In these strange, dream-like works, what is being sought by Rees are the essentials of various bioenergetic life forms. As all revolutionary work, Rees's Ajña Spine sculptures are straightforward, despite their complicated fabrication techniques. What we see are spinal columns that extend upward (with three exceptions). Attached in various configurations to the central stem of the vertebrae are body organs or elements gleaned from the artist's first three-dimensional computer sculpture, the Aqualine Creature. Overall, Rees's hybrid forms reside somewhere among the animal, human, and plant worlds their dispositions resisting both normal logic and reason, yet flourishing under an insistent biological imperative.

Rodin's work has been considered to bridge the concerns of 19th and 20th century sculpture. Similarly, Rees's work may link the concerns of modernity regarding the fragmentary, the ephemeral, and the contingent to those projected for the next century: seriality, the hyperreality of the simulacrum, sexual anthropology, medical hermeneutics, hybridity, and what Donna Haraway has termed "biotic systems." Rodin and Rees are both self-critical and adventurous; and both, of course, are profoundly humanistic. At its most basic level, Rees's work asks that we go beyond the world of ideas and words, beyond scientific rationality, to penetrate the realm of being that existed before Logos and Mythos were cleaved in two. It wants us to reach beyond the limitations of language.

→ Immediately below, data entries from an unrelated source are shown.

(* Every partition tautology is a subset tautology. Moreover the inclusion is strict: for any set $U$ and any partition $\sigma$ on $U$ with $\sigma\neq\mathbf{0}$ and $\sigma\neq\mathbf{1}$ (such $\sigma$ exist when $|U|\ge 3$), one has $\sigma\vee(\sigma\Rightarrow\mathbf{0})=\sigma\neq\mathbf{1}$; hence the formula $x\vee(x\Rightarrow\mathbf{0})$ is a subset tautology but not a partition tautology.
   Context: Formulas are built from variables and the constants $\mathbf{0},\mathbf{1}$ using the binary connectives $\vee,\wedge,\Rightarrow$. A formula is a subset tautology if, for every nonempty set $U$ and every assignment of subsets of $U$ to the variables, it evaluates to $U$ when $\vee,\wedge$ are interpreted as $\cup,\cap$, $S\Rightarrow T$ as $(U\setminus S)\cup T$, $\mathbf{0}$ as $\emptyset$ and $\mathbf{1}$ as $U$. A partition on a set $U$ is a set of non-empty, pairwise disjoint subsets of $U$ (called blocks) whose union is $U$. The discrete partition is $\mathbf{1}=\{\{u\}:u\in U\}$ and the indiscrete partition is $\mathbf{0}=\{U\}$. The join $\pi\vee\sigma$ is the partition whose blocks are the non-empty intersections $B\cap C$, $B\in\pi$, $C\in\sigma$. The meet $\pi\wedge\sigma$ is the partition whose blocks are the equivalence classes of the equivalence relation on $U$ generated by: $u\sim u'$ if $u,u'$ lie in a common block of $\pi$ or in a common block of $\sigma$. The partition implication $\sigma\Rightarrow\pi$ is the partition obtained from $\pi$ by replacing every block $B\in\pi$ that is contained in some block of $\sigma$ by the singletons $\{u\}$, $u\in B$, and leaving every block of $\pi$ not contained in any block of $\sigma$ unchanged. A formula is a partition tautology if, for every set $U$ with $|U|\ge 2$ and every assignment of partitions on $U$ to the variables, it evaluates to $\mathbf{1}$ when $\vee,\wedge,\Rightarrow,\mathbf{0},\mathbf{1}$ are interpreted as the partition join, meet, implication, indiscrete and discrete partitions. *)

theory Defs
  imports Main "HOL-Library.Infinite_Typeclass"
begin

datatype form = Var nat | FZero | FOne | FJoin form form | FMeet form form | FImp form form

fun seval :: "'a set \<Rightarrow> (nat \<Rightarrow> 'a set) \<Rightarrow> form \<Rightarrow> 'a set" where
  "seval U \<rho> (Var v) = \<rho> v"
| "seval U \<rho> FZero = {}"
| "seval U \<rho> FOne = U"
| "seval U \<rho> (FJoin p q) = seval U \<rho> p \<union> seval U \<rho> q"
| "seval U \<rho> (FMeet p q) = seval U \<rho> p \<inter> seval U \<rho> q"
| "seval U \<rho> (FImp p q) = (U - seval U \<rho> p) \<union> seval U \<rho> q"

definition subset_taut :: "'a itself \<Rightarrow> form \<Rightarrow> bool" where
  "subset_taut (_::'a itself) \<phi> \<longleftrightarrow>
     (\<forall>(U::'a set) \<rho>. U \<noteq> {} \<longrightarrow> (\<forall>v. \<rho> v \<subseteq> U) \<longrightarrow> seval U \<rho> \<phi> = U)"

definition is_partition :: "'a set \<Rightarrow> 'a set set \<Rightarrow> bool" where
  "is_partition U P \<longleftrightarrow> (\<forall>B\<in>P. B \<noteq> {}) \<and> (\<forall>B\<in>P. \<forall>C\<in>P. B \<noteq> C \<longrightarrow> B \<inter> C = {}) \<and> \<Union>P = U"

definition pdiscrete :: "'a set \<Rightarrow> 'a set set" where
  "pdiscrete U = {{u} | u. u \<in> U}"

definition pindiscrete :: "'a set \<Rightarrow> 'a set set" where
  "pindiscrete U = {U}"

definition pjoin :: "'a set set \<Rightarrow> 'a set set \<Rightarrow> 'a set set" where
  "pjoin \<pi> \<sigma> = {B \<inter> C | B C. B \<in> \<pi> \<and> C \<in> \<sigma> \<and> B \<inter> C \<noteq> {}}"

definition pmeet :: "'a set \<Rightarrow> 'a set set \<Rightarrow> 'a set set \<Rightarrow> 'a set set" where
  "pmeet U \<pi> \<sigma> = U // ({(u, u'). \<exists>B \<in> \<pi> \<union> \<sigma>. u \<in> B \<and> u' \<in> B}\<^sup>*)"

definition pimp :: "'a set set \<Rightarrow> 'a set set \<Rightarrow> 'a set set" where
  "pimp \<sigma> \<pi> = {B \<in> \<pi>. \<not> (\<exists>C\<in>\<sigma>. B \<subseteq> C)}
              \<union> {{u} | u B. B \<in> \<pi> \<and> (\<exists>C\<in>\<sigma>. B \<subseteq> C) \<and> u \<in> B}"

fun peval :: "'a set \<Rightarrow> (nat \<Rightarrow> 'a set set) \<Rightarrow> form \<Rightarrow> 'a set set" where
  "peval U \<rho> (Var v) = \<rho> v"
| "peval U \<rho> FZero = pindiscrete U"
| "peval U \<rho> FOne = pdiscrete U"
| "peval U \<rho> (FJoin p q) = pjoin (peval U \<rho> p) (peval U \<rho> q)"
| "peval U \<rho> (FMeet p q) = pmeet U (peval U \<rho> p) (peval U \<rho> q)"
| "peval U \<rho> (FImp p q) = pimp (peval U \<rho> p) (peval U \<rho> q)"

definition partition_taut :: "'a itself \<Rightarrow> form \<Rightarrow> bool" where
  "partition_taut (_::'a itself) \<phi> \<longleftrightarrow>
     (\<forall>(U::'a set) \<rho>. (\<exists>a b. a \<in> U \<and> b \<in> U \<and> a \<noteq> b) \<longrightarrow>
        (\<forall>v. is_partition U (\<rho> v)) \<longrightarrow> peval U \<rho> \<phi> = pdiscrete U)"

end

theory Submission
  imports Defs
begin

text \<open>
  On a set with at least two points the discrete and the indiscrete partitions form a copy of
  the two-element Boolean algebra, closed under join, meet and implication. Given a subset
  valuation and a point u, sending each variable to the discrete partition if u lies in its value
  and to the indiscrete one otherwise therefore evaluates every formula to the discrete
  partition exactly when u lies in its subset value; so a partition tautology holds pointwise as
  a subset tautology. For strictness, a partition \<sigma> other than \<zero> has no block containing the
  whole set, so \<sigma> \<Rightarrow> \<zero> = \<zero> and \<sigma> \<or> (\<sigma> \<Rightarrow> \<zero>) = \<sigma>.
\<close>

definition pbool :: "'a set \<Rightarrow> bool \<Rightarrow> 'a set set" where
  "pbool U b = (if b then pdiscrete U else pindiscrete U)"

lemma pbool_simps [simp]:
  "pbool U True = pdiscrete U"
  "pbool U False = pindiscrete U"
  by (simp_all add: pbool_def)

lemma Union_pdiscrete [simp]: "\<Union>(pdiscrete U) = U"
  unfolding pdiscrete_def by auto

lemma Union_pindiscrete [simp]: "\<Union>(pindiscrete U) = U"
  unfolding pindiscrete_def by auto

lemma pdiscrete_neq_pindiscrete:
  assumes "a \<in> U" "b \<in> U" "a \<noteq> b"
  shows "pdiscrete U \<noteq> pindiscrete U"
proof
  assume "pdiscrete U = pindiscrete U"
  then have "U \<in> pdiscrete U" unfolding pindiscrete_def by simp
  then obtain u where "U = {u}" unfolding pdiscrete_def by blast
  with assms show False by blast
qed

lemma pbool_eq_pdiscrete_iff:
  assumes "a \<in> U" "b \<in> U" "a \<noteq> b"
  shows "pbool U p = pdiscrete U \<longleftrightarrow> p"
  using pdiscrete_neq_pindiscrete[OF assms] by (simp add: pbool_def)

lemma pjoin_pbool:
  assumes "U \<noteq> {}"
  shows "pjoin (pbool U p) (pbool U q) = pbool U (p \<or> q)"
  using assms unfolding pbool_def pjoin_def pdiscrete_def pindiscrete_def by auto

lemma pmeet_commute: "pmeet U \<pi> \<sigma> = pmeet U \<sigma> \<pi>"
  unfolding pmeet_def by (simp add: Un_commute)

lemma pmeet_pdiscrete: "pmeet U (pdiscrete U) (pdiscrete U) = pdiscrete U"
proof -
  have "{(u, u'). \<exists>B \<in> pdiscrete U \<union> pdiscrete U. u \<in> B \<and> u' \<in> B} = Id_on U"
    unfolding pdiscrete_def by (auto simp: Id_on_def)
  moreover have "(Id_on U)\<^sup>* = Id"
    using rtrancl_mono[of "Id_on U" Id] by (auto simp: Id_on_def)
  ultimately show ?thesis
    unfolding pmeet_def pdiscrete_def quotient_def by auto
qed

lemma pmeet_pindiscrete_left:
  assumes "U \<noteq> {}" and "\<forall>B\<in>\<sigma>. B \<subseteq> U"
  shows "pmeet U (pindiscrete U) \<sigma> = pindiscrete U"
proof -
  have "{(u, u'). \<exists>B \<in> pindiscrete U \<union> \<sigma>. u \<in> B \<and> u' \<in> B} = U \<times> U"
    using assms(2) unfolding pindiscrete_def by blast
  moreover have "(U \<times> U)\<^sup>* = U \<times> U \<union> Id"
    by (simp add: rtrancl_trancl_reflcl trans_def)
  ultimately show ?thesis
    using assms(1) unfolding pmeet_def pindiscrete_def quotient_def by auto
qed

lemma pmeet_pbool:
  assumes "U \<noteq> {}"
  shows "pmeet U (pbool U p) (pbool U q) = pbool U (p \<and> q)"
proof -
  have blocks: "\<forall>B\<in>pbool U r. B \<subseteq> U" for r
    unfolding pbool_def pdiscrete_def pindiscrete_def by auto
  have left: "pmeet U (pindiscrete U) (pbool U r) = pindiscrete U" for r
    using pmeet_pindiscrete_left[OF assms blocks] .
  have right: "pmeet U (pbool U r) (pindiscrete U) = pindiscrete U" for r
    using left by (subst pmeet_commute)
  show ?thesis
    using left[of q] right[of True] pmeet_pdiscrete by (cases p; cases q) simp_all
qed

lemma pimp_pdiscrete_right: "\<Union>\<sigma> = U \<Longrightarrow> pimp \<sigma> (pdiscrete U) = pdiscrete U"
  unfolding pimp_def pdiscrete_def by auto

lemma pimp_pbool:
  assumes "a \<in> U" "b \<in> U" "a \<noteq> b"
  shows "pimp (pbool U p) (pbool U q) = pbool U (p \<longrightarrow> q)"
proof -
  have "pimp (pdiscrete U) (pindiscrete U) = pindiscrete U"
    using assms unfolding pimp_def pdiscrete_def pindiscrete_def by auto
  moreover have "pimp (pindiscrete U) (pindiscrete U) = pdiscrete U"
    using assms unfolding pimp_def pdiscrete_def pindiscrete_def by auto
  ultimately show ?thesis
    by (cases p; cases q) (simp_all add: pbool_def pimp_pdiscrete_right)
qed

lemma peval_pbool:
  assumes "a \<in> U" "b \<in> U" "a \<noteq> b" and "u \<in> W"
  shows "peval U (\<lambda>v. pbool U (u \<in> \<rho> v)) \<phi> = pbool U (u \<in> seval W \<rho> \<phi>)"
proof -
  have "U \<noteq> {}" using assms by blast
  with \<open>u \<in> W\<close> show ?thesis
    by (induction \<phi>) (simp_all add: pjoin_pbool pmeet_pbool pimp_pbool[OF assms(1-3)])
qed

lemma is_partition_pbool: "U \<noteq> {} \<Longrightarrow> is_partition U (pbool U p)"
  unfolding is_partition_def pbool_def pdiscrete_def pindiscrete_def by auto

lemma seval_subset: "\<forall>v. \<rho> v \<subseteq> U \<Longrightarrow> seval U \<rho> \<phi> \<subseteq> U"
  by (induction \<phi>) auto

lemma obtain_three_distinct:
  obtains a b c :: "'a::infinite" where "a \<noteq> b" "a \<noteq> c" "b \<noteq> c"
proof -
  obtain a :: 'a where True by simp
  obtain b :: 'a where "b \<notin> {a}"
    using ex_new_if_finite[OF infinite_UNIV, of "{a}"] by auto
  obtain c :: 'a where "c \<notin> {a, b}"
    using ex_new_if_finite[OF infinite_UNIV, of "{a, b}"] by auto
  show ?thesis
    by (rule that[of a b c]) (use \<open>b \<notin> {a}\<close> \<open>c \<notin> {a, b}\<close> in auto)
qed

In essence, Rees's sculpture is a method that allows us to consider, as Heidegger states succinctly in "What Calls for Thinking": What makes a call upon us that we should think, and by thinking, be who we are?

Dominique Nahas
1998
New York, NY

Dominique Nahas is a cultural critic and independent curator working in New York.

1 Stereolithography is a specific process under the umbrella of automatic additive fabrication. Two other processes are used in this exhibition - selective laser sintering and 3D printing. Additive fabrication has been applied in industry since the late 1980's. Ajña is a reference to the sixth master chakra, according to yoga philosophy.

2 Siegfried Salzmann, "Innovative Energies in the Work of Rodin," In: Rodin - Eros and Creativity, edited by Rainer Crone and Siegfried Salzmann (Prestal Verlag, 1992), p. 198.

3 Auguste Rodin - Readings in His Life and Work, edited and with an introduction by Albert Elsen (New Jersey: Prentice Hall, 1965), p. 177.